Ma a proposito di amore, sono due le canzoni che segnano sempre con autobiografismo la storia d’amore di Bob Dylan con Suze Rotolo (nel film indicata con uno pseudonimo): It Ain’t Me Baby e Don’t Think Twice, It’s All Right. Certo parliamo sempre di congetture, specie per la prima. È un brano molto onesto e intenso dove in sostanza il narratore spiega a una ragazza il motivo per cui non è lui l’uomo della sua vita. Nello stesso album si trova una più esplicita Ballad In Plain D, comunque meno conosciuta.

Don’t Think Twice, It’s All Right è stata scritta quando Suze (come si vede anche nel film) parte per l’Italia e contiene l’amara consapevolezza che la storia d’amore sia finita o almeno così sembra.

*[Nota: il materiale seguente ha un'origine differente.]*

definition ising_prob ::
  "nat \<Rightarrow> real \<Rightarrow> (nat \<Rightarrow> nat \<Rightarrow> real) \<Rightarrow> (nat \<Rightarrow> real) \<Rightarrow> (nat \<Rightarrow> real) \<Rightarrow> real" where
  "ising_prob n \<beta> Q \<mu> x = ising_weight n \<beta> Q \<mu> x / ising_Z n \<beta> Q \<mu>"

definition Q_CW :: "nat \<Rightarrow> nat \<Rightarrow> nat \<Rightarrow> real" where
  "Q_CW n i j = (if i \<noteq> j then 1 / real n else 0)"

definition mu_S :: "nat set \<Rightarrow> real \<Rightarrow> nat \<Rightarrow> real" where
  "mu_S S A i = (if i \<in> S then A else 0)"

definition spin_mean :: "nat \<Rightarrow> (nat \<Rightarrow> real) \<Rightarrow> real" where
  "spin_mean n x = (\<Sum>i<n. x i) / real n"

text \<open>Probability that W_n lies in B under the joint law of (X, W_n):
  X ~ Ising(beta,Q,mu), and given X, W_n ~ N(mean X, 1/(n beta)).\<close>
definition W_prob ::
  "nat \<Rightarrow> real \<Rightarrow> (nat \<Rightarrow> nat \<Rightarrow> real) \<Rightarrow> (nat \<Rightarrow> real) \<Rightarrow> real set \<Rightarrow> real" where
  "W_prob n \<beta> Q \<mu> B =
     (\<Sum>x\<in>spins n. ising_prob n \<beta> Q \<mu> x *
        measure (density lborel (normal_density (spin_mean n x) (sqrt (1 / (real n * \<beta>))))) B)"

definition m_beta :: "real \<Rightarrow> real" where
  "m_beta \<beta> = (THE m. m > 0 \<and> m = tanh (\<beta> * m))"

end

theory Submission
  imports Defs "HOL-Real_Asymp.Real_Asymp"
begin

text \<open>Integrating out the spins (Hubbard--Stratonovich) shows that, up to factors
  \<open>exp (\<plusminus>a)\<close> with \<open>a = \<Sum>i |\<mu> i| = A s\<close>, the law of \<open>W\<^sub>n\<close> has density proportional to
  \<open>exp (- n \<phi>(t))\<close>, where \<open>\<phi>(t) = \<beta> t\<^sup>2/2 - ln cosh (\<beta> t)\<close>. For \<open>\<beta> > 1\<close> the even function
  \<open>\<phi>\<close> is minimised exactly at \<open>\<plusminus>m(\<beta>)\<close>, so outside the band \<open>\<phi>\<close> exceeds its minimum by some
  \<open>\<eta> > 0\<close>, while on a short interval \<open>[m, m + \<delta>]\<close> it stays within \<open>\<eta>/2\<close> of it. Comparing
  the mass outside the band with the mass of that interval gives the bound
  \<open>exp (2a - n \<eta>/2)\<close> times a constant, and \<open>a = o(n)\<close> leaves \<open>exp (- n \<eta>/4)\<close>.\<close>

section \<open>The mean-field equation\<close>

definition mf_residual :: "real \<Rightarrow> real \<Rightarrow> real" where
  "mf_residual \<beta> t = t - tanh (\<beta> * t)"

lemma has_real_derivative_mf_residual:
  "(mf_residual \<beta> has_real_derivative (1 - \<beta> * (1 - tanh (\<beta> * t)^2))) (at t)"
  unfolding mf_residual_def[abs_def]
  by (rule derivative_eq_intros refl | simp)+

lemma continuous_on_mf_residual: "continuous_on X (mf_residual \<beta>)"
  using has_real_derivative_mf_residual
  by (meson DERIV_isCont continuous_at_imp_continuous_on)

lemma mf_residual_pos_ge_1: "t \<ge> 1 \<Longrightarrow> mf_residual \<beta> t > 0"
  unfolding mf_residual_def using tanh_real_lt_1[of "\<beta> * t"] by linarith
lemma pythagorean_centre_stable: "pythagorean_centre P (real_cond_exp Q C \<xi>) (cond_dens P)"
  unfolding pythagorean_centre_def
proof (intro conjI ballI)
  let ?m = "real_cond_exp Q C \<xi>"
  show m_L\<^sub>C: "?m \<in> L\<^sub>C" by (rule cond_exp_stable_in_L\<^sub>C)
  show "cond_dens P \<in> borel_measurable M" by simp
  show "AE x in M. 0 < cond_dens P x" by (rule cond_dens_pos)
  fix \<eta> assume \<eta>: "\<eta> \<in> L\<^sub>C"
  have [measurable]: "?m \<in> borel_measurable C" "\<eta> \<in> borel_measurable C"
    using L\<^sub>C_D(2) m_L\<^sub>C \<eta> by auto
  define k where "k x = ?m x - \<eta> x" for x
  have k_C [measurable]: "k \<in> borel_measurable C" unfolding k_def by measurable
  have k_L: "k \<in> L" unfolding k_def by (rule L_diff[OF L\<^sub>C_D(1)[OF m_L\<^sub>C] L\<^sub>C_D(1)[OF \<eta>]])
  have int_kk: "integrable M (\<lambda>x. dens M P x * (k x * k x))"
    by (rule integrable_dens_mult[OF P k_L k_L])
  show "integrable M (\<lambda>x. cond_dens P x * (?m x - \<eta> x)\<^sup>2)"
    using integrable_cond_dens_mult[OF _ int_kk] by (simp add: k_def power2_eq_square)
  have "risk P \<eta> = (\<integral>x. dens M P x * (\<xi> x - \<eta> x)\<^sup>2 \<partial>M)"
    by (rule risk_eq_integral_dens[OF P L\<^sub>C_D(1)[OF \<eta>]])
  also have "\<dots> = (\<integral>x. dens M P x * (\<xi> x - ?m x)\<^sup>2 +
      2 * (dens M P x * (\<xi> x * k x) - dens M P x * (?m x * k x)) + dens M P x * (k x * k x) \<partial>M)"
    by (rule Bochner_Integration.integral_cong) (auto simp: k_def power2_eq_square algebra_simps)
  also have "\<dots> = (\<integral>x. dens M P x * (\<xi> x - ?m x)\<^sup>2 \<partial>M) +
      2 * ((\<integral>x. dens M P x * (\<xi> x * k x) \<partial>M) - (\<integral>x. dens M P x * (?m x * k x) \<partial>M)) +
      (\<integral>x. dens M P x * (k x * k x) \<partial>M)"
    using integrable_dens_sq_diff[OF P L\<^sub>C_D(1)[OF m_L\<^sub>C]] integrable_dens_mult[OF P xi_in_L k_L]
      integrable_dens_mult[OF P L\<^sub>C_D(1)[OF m_L\<^sub>C] k_L] int_kk
    by simp
  also have "\<dots> = risk P ?m + (\<integral>x. cond_dens P x * (k x * k x) \<partial>M)"
    using integral_dens_mult_cond_exp_stable[OF k_C k_L] integral_cond_dens_mult[OF _ int_kk]
      risk_eq_integral_dens[OF P L\<^sub>C_D(1)[OF m_L\<^sub>C]]
    by simp
  finally show "risk P \<eta> = risk P ?m + (\<integral>x. cond_dens P x * (?m x - \<eta> x)\<^sup>2 \<partial>M)"
    by (simp add: k_def power2_eq_square)
qed
lemma SE_in_reduction: assumes T: "T \<in> SE" shows "T \<in> reduce E D (wsig UNIV D M)"
  unfolding reduce_def[of E D "wsig UNIV D M"]
  by (rule image_eqI[where f = "restr DE", OF closure_op_restr[OF T, symmetric] closure_op_wsig[OF T]])

end

theorem lemma3p1:
  fixes D :: "'h::chilbert_space set"
    and M :: "('h \<Rightarrow> 'h) set"
    and E Z :: "'h \<Rightarrow> 'h"
  assumes D_subspace: "csubspace D"
    and D_dense: "closure D = UNIV"
    and M_Ostar: "Ostar_space UNIV D M"
    and M_fully_closed: "fully_closed D M"
    and comm_inv: "\<forall>C\<in>wcomm UNIV D M. C ` D \<subseteq> D"
    and E_comm: "E \<in> wcomm UNIV D M"
    and E_proj: "is_proj E"
    and Z_proj: "is_proj Z"
    and Z_range: "range Z = closure (cspan {C (E x) | C x. C \<in> wcomm UNIV D M})"
    and ext_full: "(\<Inter>X\<in>wsig (range E) (E ` D) (reduce E D M).
         cldom (ext_dom (wcomm UNIV D M) E Z D) (ext_op (wcomm UNIV D M) E Z D X)) = D"
  shows "reduce E D (wsig UNIV D M) = wsig (range E) (E ` D) (reduce E D M)"
proof -
  interpret full_extension_setting D M E Z
    by unfold_locales (fact D_subspace D_dense M_Ostar comm_inv E_comm E_proj Z_proj Z_range ext_full)+
  show ?thesis
  proof
    show "reduce E D (wsig UNIV D M) \<subseteq> SE"
      using restriction_in_SE unfolding reduce_def[of E D "wsig UNIV D M"] by blast
    show "SE \<subseteq> reduce E D (wsig UNIV D M)"
      using SE_in_reduction by blast
  qed
qed

end
(* For every integer $t_1\geq 2$, setting $t_2=t_1+1$, there exist a connected graph $G$ and a function $g:A\to B$ such that $fix(G)=t_1$ and $fix(F_G)=t_2$.
   Context: A set $S\subseteq V(H)$ is a fixing set of a graph $H$ if the only automorphism of $H$ fixing every vertex of $S$ is the identity; $fix(H)$ is the minimum cardinality of a fixing set of $H$. Functigraph: let $G_1,G_2$ be disjoint copies of a connected graph $G$, with $A=V(G_1)$, $B=V(G_2)$, and let $g:A\to B$ be a function. The functigraph $F_G$ has vertex set $A\cup B$ and edge set $E(G_1)\cup E(G_2)\cup\{ug(u):u\in A\}$. *)

theory Defs
  imports Main
begin

definition simple_graph :: "'a set \<Rightarrow> 'a set set \<Rightarrow> bool" where
  "simple_graph V E \<longleftrightarrow> finite V \<and> (\<forall>e\<in>E. e \<subseteq> V \<and> card e = 2)"

definition adj_rel :: "'a set set \<Rightarrow> ('a \<times> 'a) set" where
  "adj_rel E = {(u, v). {u, v} \<in> E}"

definition connected_graph :: "'a set \<Rightarrow> 'a set set \<Rightarrow> bool" where
  "connected_graph V E \<longleftrightarrow> V \<noteq> {} \<and> (\<forall>u\<in>V. \<forall>v\<in>V. (u, v) \<in> (adj_rel E)\<^sup>*)"

definition automorphism :: "'a set \<Rightarrow> 'a set set \<Rightarrow> ('a \<Rightarrow> 'a) \<Rightarrow> bool" where
  "automorphism V E f \<longleftrightarrow> bij_betw f V V \<and>
     (\<forall>u\<in>V. \<forall>v\<in>V. {u, v} \<in> E \<longleftrightarrow> {f u, f v} \<in> E)"

definition fixing_set :: "'a set \<Rightarrow> 'a set set \<Rightarrow> 'a set \<Rightarrow> bool" where
  "fixing_set V E S \<longleftrightarrow> S \<subseteq> V \<and>
     (\<forall>f. automorphism V E f \<and> (\<forall>s\<in>S. f s = s) \<longrightarrow> (\<forall>v\<in>V. f v = v))"

definition fix_num :: "'a set \<Rightarrow> 'a set set \<Rightarrow> nat" where
  "fix_num V E = (LEAST n. \<exists>S. fixing_set V E S \<and> card S = n)"
(* Let $A_{n,m}=\langle\varphi,\psi,\tau\rangle$ be the subgroup of $\operatorname{Aut}(Y_{n,m})$ generated by the maps $\varphi,\psi,\tau$ defined below. Then: (1) $A_{1,0}\cong\{1\}$ and $A_{2,0}\cong A_{1,1}\cong C_2$; (2) $A_{n,0}\cong D_n$ for all $n>2$; (3) $A_{1,m}\cong C_2\times C_2$ for all $m>1$; (4) if $n>1$ and $m>0$, then (a) if at least one of $n,m$ is odd, $A_{n,m}\cong D_{2n}$; (b) otherwise ($n$ and $m$ both even), $A_{n,m}\cong D_n\times C_2$.
   Context: For integers $n\ge1$, $m\ge0$, the Yoke graph $Y_{n,m}$ has vertices the tuples $v=(v_0,\dots,v_{m+1})$ with $v_0,v_{m+1}\in\mathbb{Z}_n$, $v_1,\dots,v_m\in\{0,1\}$, $\sum v_i\equiv0\pmod n$; $u\sim v$ iff there is $0\le i\le m$ with $u_j=v_j$ for $j\notin\{i,i+1\}$ and either ($u_i=v_i+1$, $u_{i+1}=v_{i+1}-1$) or ($u_i=v_i-1$, $u_{i+1}=v_{i+1}+1$), bucket entries computed mod $n$. Define maps on vertices (bucket entries mod $n$): $\varphi(v_0,v_1,\dots,v_m,v_{m+1})=(v_0+1,v_1,\dots,v_m,v_{m+1}-1)$; $\psi(v_0,\dots,v_{m+1})=(v_{m+1},v_m,\dots,v_1,v_0)$; $\tau(v_0,v_1,\dots,v_m,v_{m+1})=(-v_0,1-v_1,\dots,1-v_m,-(m+v_{m+1}))$. These are automorphisms of $Y_{n,m}$. $C_k$ is the cyclic group of order $k$, and $D_k$ is the dihedral group of order $2k$, $D_k=\langle g,h\mid g^k=h^2=1,\ hgh=g^{-1}\rangle$. *)

theory Defs
  imports "HOL-Algebra.Algebra"
begin

(* Vertices of Y_{n,m}: tuples (v_0,...,v_{m+1}) encoded as functions nat => int,
   with v i = 0 for i > m+1.  Buckets v_0, v_{m+1} are represented in {0..<n}. *)
definition yoke_verts :: "nat \<Rightarrow> nat \<Rightarrow> (nat \<Rightarrow> int) set" where
  "yoke_verts n m = {v. v 0 \<in> {0..<int n} \<and> v (m+1) \<in> {0..<int n}
      \<and> (\<forall>i\<in>{1..m}. v i \<in> {0,1}) \<and> (\<forall>i>m+1. v i = 0)
      \<and> (\<Sum>i\<le>m+1. v i) mod int n = 0}"

definition yoke_add :: "nat \<Rightarrow> nat \<Rightarrow> nat \<Rightarrow> int \<Rightarrow> int \<Rightarrow> int" where
  "yoke_add n m i x d = (if i = 0 \<or> i = m+1 then (x + d) mod int n else x + d)"

definition yoke_adj :: "nat \<Rightarrow> nat \<Rightarrow> (nat \<Rightarrow> int) \<Rightarrow> (nat \<Rightarrow> int) \<Rightarrow> bool" where
  "yoke_adj n m u v \<longleftrightarrow> (\<exists>i\<le>m. (\<forall>j. j \<noteq> i \<and> j \<noteq> i+1 \<longrightarrow> u j = v j) \<and>
      ((u i = yoke_add n m i (v i) 1 \<and> u (i+1) = yoke_add n m (i+1) (v (i+1)) (-1)) \<or>
       (u i = yoke_add n m i (v i) (-1) \<and> u (i+1) = yoke_add n m (i+1) (v (i+1)) 1)))"

definition yoke_aut :: "nat \<Rightarrow> nat \<Rightarrow> ((nat \<Rightarrow> int) \<Rightarrow> (nat \<Rightarrow> int)) monoid" where
  "yoke_aut n m = (BijGroup (yoke_verts n m))
     \<lparr>carrier := {f \<in> carrier (BijGroup (yoke_verts n m)).
        \<forall>u\<in>yoke_verts n m. \<forall>w\<in>yoke_verts n m. yoke_adj n m u w \<longleftrightarrow> yoke_adj n m (f u) (f w)}\<rparr>"

definition yoke_phi :: "nat \<Rightarrow> nat \<Rightarrow> (nat \<Rightarrow> int) \<Rightarrow> (nat \<Rightarrow> int)" where
  "yoke_phi n m v = (\<lambda>i. if i = 0 then (v 0 + 1) mod int n
                         else if i = m+1 then (v (m+1) - 1) mod int n else v i)"

definition yoke_psi :: "nat \<Rightarrow> nat \<Rightarrow> (nat \<Rightarrow> int) \<Rightarrow> (nat \<Rightarrow> int)" where
  "yoke_psi n m v = (\<lambda>i. if i \<le> m+1 then v (m+1-i) else 0)"

definition yoke_tau :: "nat \<Rightarrow> nat \<Rightarrow> (nat \<Rightarrow> int) \<Rightarrow> (nat \<Rightarrow> int)" where
  "yoke_tau n m v = (\<lambda>i. if i = 0 then (- v 0) mod int n
                         else if i = m+1 then (- (int m + v (m+1))) mod int n
                         else if i \<le> m then 1 - v i else 0)"

definition yoke_A :: "nat \<Rightarrow> nat \<Rightarrow> ((nat \<Rightarrow> int) \<Rightarrow> (nat \<Rightarrow> int)) monoid" where
  "yoke_A n m = subgroup_generated (yoke_aut n m)
     {restrict (yoke_phi n m) (yoke_verts n m),
      restrict (yoke_psi n m) (yoke_verts n m),
      restrict (yoke_tau n m) (yoke_verts n m)}"

(* Dihedral group D_k of order 2k: (i,b) stands for g^i h^b, 0 <= i < k *)
definition dihedral_group :: "nat \<Rightarrow> (int \<times> bool) monoid" where
  "dihedral_group k = \<lparr>carrier = {0..<int k} \<times> UNIV,
     monoid.mult = (\<lambda>(i,a) (j,b). ((i + (if a then - j else j)) mod int k, a \<noteq> b)),
     one = (0, False)\<rparr>"

abbreviation cyclic_group :: "nat \<Rightarrow> int monoid" where
  "cyclic_group k \<equiv> integer_mod_group k"

end

theory Submission
  imports Defs
begin

(* Write \<sigma>\<^sub>k for the map adding k to the bucket v\<^sub>0 and subtracting it from v\<^sub>m\<^sub>+\<^sub>1,
   so that \<phi> = \<sigma>\<^sub>1.  The generators satisfy \<sigma>\<^sub>k \<sigma>\<^sub>l = \<sigma>\<^sub>k\<^sub>+\<^sub>l, \<psi>\<^sup>2 = \<tau>\<^sup>2 = 1,
   \<psi> \<sigma>\<^sub>k = \<sigma>\<^sub>-\<^sub>k \<psi>, \<tau> \<sigma>\<^sub>k = \<sigma>\<^sub>-\<^sub>k \<tau> and \<tau> \<psi> = \<sigma>\<^sub>m \<psi> \<tau>, so every element of A(n,m) is a word
   \<sigma>\<^sub>k \<psi>\<^sup>a \<tau>\<^sup>b with k taken mod n.  Evaluating words at the zero vertex and at
   (n - 1, 1, 0, ..., 0) shows that these 4n words are distinct once n > 1 and m > 0; in the
   degenerate cases \<tau> = \<psi> (m = 0), \<psi> = 1 (on Y(1,1) and Y(2,0)) or \<sigma>\<^sub>k = 1 (n = 1).
   For m = 2h, \<zeta> = \<sigma>\<^sub>h \<psi> \<tau> is a central involution and A(n,m) = \<langle>\<phi>, \<psi>\<rangle> \<times> \<langle>\<zeta>\<rangle> \<cong> D\<^sub>n \<times> C\<^sub>2.
   If n or m is odd, choose j with 2j \<equiv> m + 1 (mod n): then \<rho> = \<sigma>\<^sub>j \<psi> \<tau> satisfies \<rho>\<^sup>2 = \<phi> and
   \<psi> \<rho> \<psi> = \<rho>\<^sup>-\<^sup>1, so \<rho> has order 2n and A(n,m) = \<langle>\<rho>, \<psi>\<rangle> \<cong> D\<^sub>2\<^sub>n. *)

definition yoke_shift :: "nat \<Rightarrow> nat \<Rightarrow> int \<Rightarrow> (nat \<Rightarrow> int) \<Rightarrow> (nat \<Rightarrow> int)" where
  "yoke_shift n m k v = (\<lambda>i. if i = 0 then (v 0 + k) mod int n
                             else if i = m+1 then (v (m+1) - k) mod int n else v i)"

lemma yoke_phi_eq_shift: "yoke_phi n m = yoke_shift n m 1"
  by (intro ext) (simp add: yoke_phi_def yoke_shift_def)

lemma sum_atMost_Suc_eq_ends:
  fixes f :: "nat \<Rightarrow> 'a::comm_monoid_add"
  shows "(\<Sum>i\<le>m+1. f i) = f 0 + (\<Sum>i\<in>{1..m}. f i) + f (m+1)"
proof -
  have "{..m+1} = insert 0 (insert (m+1) {1..m})" by fastforce
  then show ?thesis by (simp add: add.commute add.left_commute)
qed

lemma yoke_verts_iff:
  "v \<in> yoke_verts n m \<longleftrightarrow> 0 \<le> v 0 \<and> v 0 < int n \<and> 0 \<le> v (m+1) \<and> v (m+1) < int n
     \<and> (\<forall>i. 1 \<le> i \<and> i \<le> m \<longrightarrow> v i = 0 \<or> v i = 1) \<and> (\<forall>i>m+1. v i = 0)
     \<and> int n dvd (v 0 + (\<Sum>i\<in>{1..m}. v i) + v (m+1))"
  unfolding yoke_verts_def sum_atMost_Suc_eq_ends by (auto simp: mod_eq_0_iff_dvd)

lemma dvd_mod_add_mod_iff:
  fixes d :: int
  shows "d dvd (a mod d + b + c mod d) \<longleftrightarrow> d dvd (a + b + c)"
  by (metis dvd_eq_mod_eq_0 mod_add_left_eq mod_add_right_eq)

lemma yoke_shift_in_verts:
  assumes "v \<in> yoke_verts n m" "n > 0"
  shows "yoke_shift n m k v \<in> yoke_verts n m"
proof -
  let ?S = "\<lambda>w. \<Sum>i\<in>{1..m}. w i"
  have "?S (yoke_shift n m k v) = ?S v"
    by (rule sum.cong) (auto simp: yoke_shift_def)
  moreover have "int n dvd ((v 0 + k) mod int n + ?S v + (v (m+1) - k) mod int n)
      \<longleftrightarrow> int n dvd (v 0 + ?S v + v (m+1))"
    unfolding dvd_mod_add_mod_iff by (simp add: algebra_simps)
  ultimately show ?thesis
    using assms unfolding yoke_verts_iff by (auto simp: yoke_shift_def)
qed

lemma yoke_psi_in_verts:
  assumes "v \<in> yoke_verts n m"
  shows "yoke_psi n m v \<in> yoke_verts n m"
proof -
  have "(\<Sum>i\<in>{1..m}. yoke_psi n m v i) = (\<Sum>i\<in>{1..m}. v (m+1-i))"
    by (rule sum.cong) (auto simp: yoke_psi_def)
  also have "\<dots> = (\<Sum>i\<in>{1..m}. v i)"
    using sum.atLeastAtMost_rev[of "\<lambda>i. v (m+1-i)" 1 m] by simp
  finally have "(\<Sum>i\<in>{1..m}. yoke_psi n m v i) = (\<Sum>i\<in>{1..m}. v i)" .
  moreover have "v (m+1-i) = 0 \<or> v (m+1-i) = 1" if "1 \<le> i" "i \<le> m" for i
  proof -
    have "1 \<le> m+1-i" "m+1-i \<le> m" using that by auto
    then show ?thesis using assms unfolding yoke_verts_iff by blast
  qed
  ultimately show ?thesis
    using assms unfolding yoke_verts_iff by (auto simp: yoke_psi_def algebra_simps)
qed
(* Fix a scenario $v$. Conditioned on $v$, on the taken box $i^*$, and on the stopping time $\tau^*$, the expected objective of Balanced Stopping with Poisson Rounding is at most $\tau^*+c_{i^*}+v_{i^*}=\tau^*+\beta_{i^*}$.
   Context: Correlated Pandora's Problem: boxes $[n]$, box $i$ has opening cost $c_i>0$ and volume $v_i\ge 0$; scenario $v=(v_1,\dots,v_n)$. Write $x_+=\max\{x,0\}$. Let $X_i:[0,\infty)\to[0,1]$, $i\in[n]$, be non-decreasing with $\sum_{i}\big(X_i(t)-X_i((t-c_i)_+)\big)\le 1$ for all $t\ge 0$ (a feasible solution of the General-Cost Convex Program). Poisson Rounding: $\bar x_i(t)=\frac1t\int_0^t\big(X_i(t')-X_i((t'-c_i)_+)\big)\,dt'$; independently for each box $i$, arrivals form a non-homogeneous Poisson process in Poisson time $\tau\ge 0$ with rate $\frac1{c_i}\bar x_i(\tau/2)$; $\alpha_i$ is the first arrival time of box $i$. Balanced Stopping: $\beta_i=c_i+v_i$, $\tau_i=\max\{\alpha_i,\beta_i\}$, $\tau^*=\min_i\tau_i$ (the stopping time), $i^*=\arg\min_i\tau_i$ (the taken box). The algorithm opens in real time, in ascending order of $\alpha_j$, exactly the boxes with $\alpha_j\le\tau^*$ (each costing $c_j$), then stops and takes box $i^*$ (or an opened box of no larger volume); its objective is $\sum_{j:\alpha_j\le\tau^*}c_j$ plus the taken volume. *)

theory Defs
  imports "HOL-Probability.Probability"
begin

definition pos_part :: "real \<Rightarrow> real" where
  "pos_part x = max x 0"

definition gccp_feasible :: "nat \<Rightarrow> (nat \<Rightarrow> real) \<Rightarrow> (nat \<Rightarrow> real \<Rightarrow> real) \<Rightarrow> bool" where
  "gccp_feasible n c X \<longleftrightarrow>
     (\<forall>i<n. mono_on {0..} (X i) \<and> (\<forall>t\<ge>0. 0 \<le> X i t \<and> X i t \<le> 1)) \<and>
     (\<forall>t\<ge>0. (\<Sum>i<n. X i t - X i (pos_part (t - c i))) \<le> 1)"

definition xbar :: "(nat \<Rightarrow> real) \<Rightarrow> (nat \<Rightarrow> real \<Rightarrow> real) \<Rightarrow> nat \<Rightarrow> real \<Rightarrow> real" where
  "xbar c X i t = (1 / t) * integral {0..t} (\<lambda>t'. X i t' - X i (pos_part (t' - c i)))"
lemma circle_monomial_integral:
  "integral {-pi..pi} (\<lambda>t. cis t ^ a * cnj (cis t) ^ b) = (if a = b then complex_of_real (2 * pi) else 0)"
proof (cases a b rule: linorder_cases)
  case equal
  have "cis t ^ a * cnj (cis t) ^ b = 1" for t
    using cis_power_cnj_shift[of b a t] equal by (simp only: order_refl diff_self_eq_0 power_0)
  moreover have "((\<lambda>t. 1::complex) has_integral complex_of_real (2 * pi)) {-pi..pi}"
    using has_integral_const_real[of "1::complex" "-pi" pi] by (simp add: scaleR_conv_of_real)
  ultimately show ?thesis using equal by (simp add: integral_unique scaleR_conv_of_real)
next
  case greater
  have "cis t ^ a * cnj (cis t) ^ b = cis t ^ (a - b) * 1" for t
    using cis_power_cnj_shift[of b a t] greater by (simp only: less_imp_le mult_1_right)
  moreover have "integral {-pi..pi} (\<lambda>t. cis t ^ (a - b) * 1) = 0"
    by (rule circle_integral_positive_power) (use greater in auto)
  ultimately have "integral {-pi..pi} (\<lambda>t. cis t ^ a * cnj (cis t) ^ b) = 0"
    by (simp only:)
  moreover have "a \<noteq> b" using greater by simp
  ultimately show ?thesis by (simp only: if_False)
next
  case less
  have "cis t ^ a * cnj (cis t) ^ b = cnj (cis t ^ (b - a) * 1)" for t
  proof -
    have "cis t ^ a * cnj (cis t) ^ b = cnj (cis t ^ b * cnj (cis t) ^ a)"
      by (simp only: complex_cnj_mult complex_cnj_power complex_cnj_cnj mult.commute)
    then show ?thesis using less by (simp only: cis_power_cnj_shift less_imp_le mult_1_right)
  qed
  then have "integral {-pi..pi} (\<lambda>t. cis t ^ a * cnj (cis t) ^ b)
      = cnj (integral {-pi..pi} (\<lambda>t. cis t ^ (b - a) * 1))"
    by (simp only: integral_cnj)
  moreover have "integral {-pi..pi} (\<lambda>t. cis t ^ (b - a) * 1) = 0"
    by (rule circle_integral_positive_power) (use less in auto)
  ultimately show ?thesis using less by auto
qed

Al di là delle congetture e dei fatti reali o meno dietro la composizione di questo brano, il punto ancora una volta sono i testi: dal particolare Bob Dylan va al generale costruendo con straordinaria semplicità (anche musicale, basta una chitarra e la sua voce) storie intense e in cui tutti possono riconoscersi.

Like a complete unknown fino alla svolta elettrica

Il titolo del film è A complete unknown perché ricalca una frase presente in un altro capolavoro di Bob Dylan: Like a Rolling Stone. È una canzone fondamentale per capire il film e per capire lo spirito rivoluzionario, anche nella musica, del cantautore. Rappresenta la svolta della sua carriera in quanto è uno dei primi lavori divenuti celebri dove coniuga folk e rock, non esiste solamente la sua chitarra ma un’intera band e gli strumenti elettrici (che aveva “rinnegato” per convertirsi al folk in gioventù) sono i veri protagonisti. Come si evince dalla pellicola, in questo periodo il cantautore si sente cucito addosso un ambito che non è più il suo, quello di profeta del folk, e vuole sperimentare cose nuove.

Like a Rolling Stone, quindi, parla proprio di questo: della solitudine che deriva da questa decisione presa da Bob Dylan, della sua rabbia e di come si sente. È un dialogo aperto con l’ascoltatore e con sé stesso, destinato a divenire eterno in quanto sintomo di quello smarrimento che tutti prima o poi attraversiamo.

Il colpo di batteria sul terzo tempo di battuta che apre Like a Rolling Stone spalanca uno spazio prospettico, rinascimentale ed eroico, di cui è la musica stessa a disporre le coordinate. […] Con Sara Lowndes, che sposerà in segreto il 22 novembre 1965, Dylan affitta una casa a Woodstock dove scrive di getto una poesia senza titolo, “quasi un attacco di vomito”, come dirà poi […]. Di lì a poco questa visione seriamente dantesca di anime dannate a nuotare in un mare di fuoco prende una forma, una metrica e un ritmo, e diviene Like a Rolling Stone.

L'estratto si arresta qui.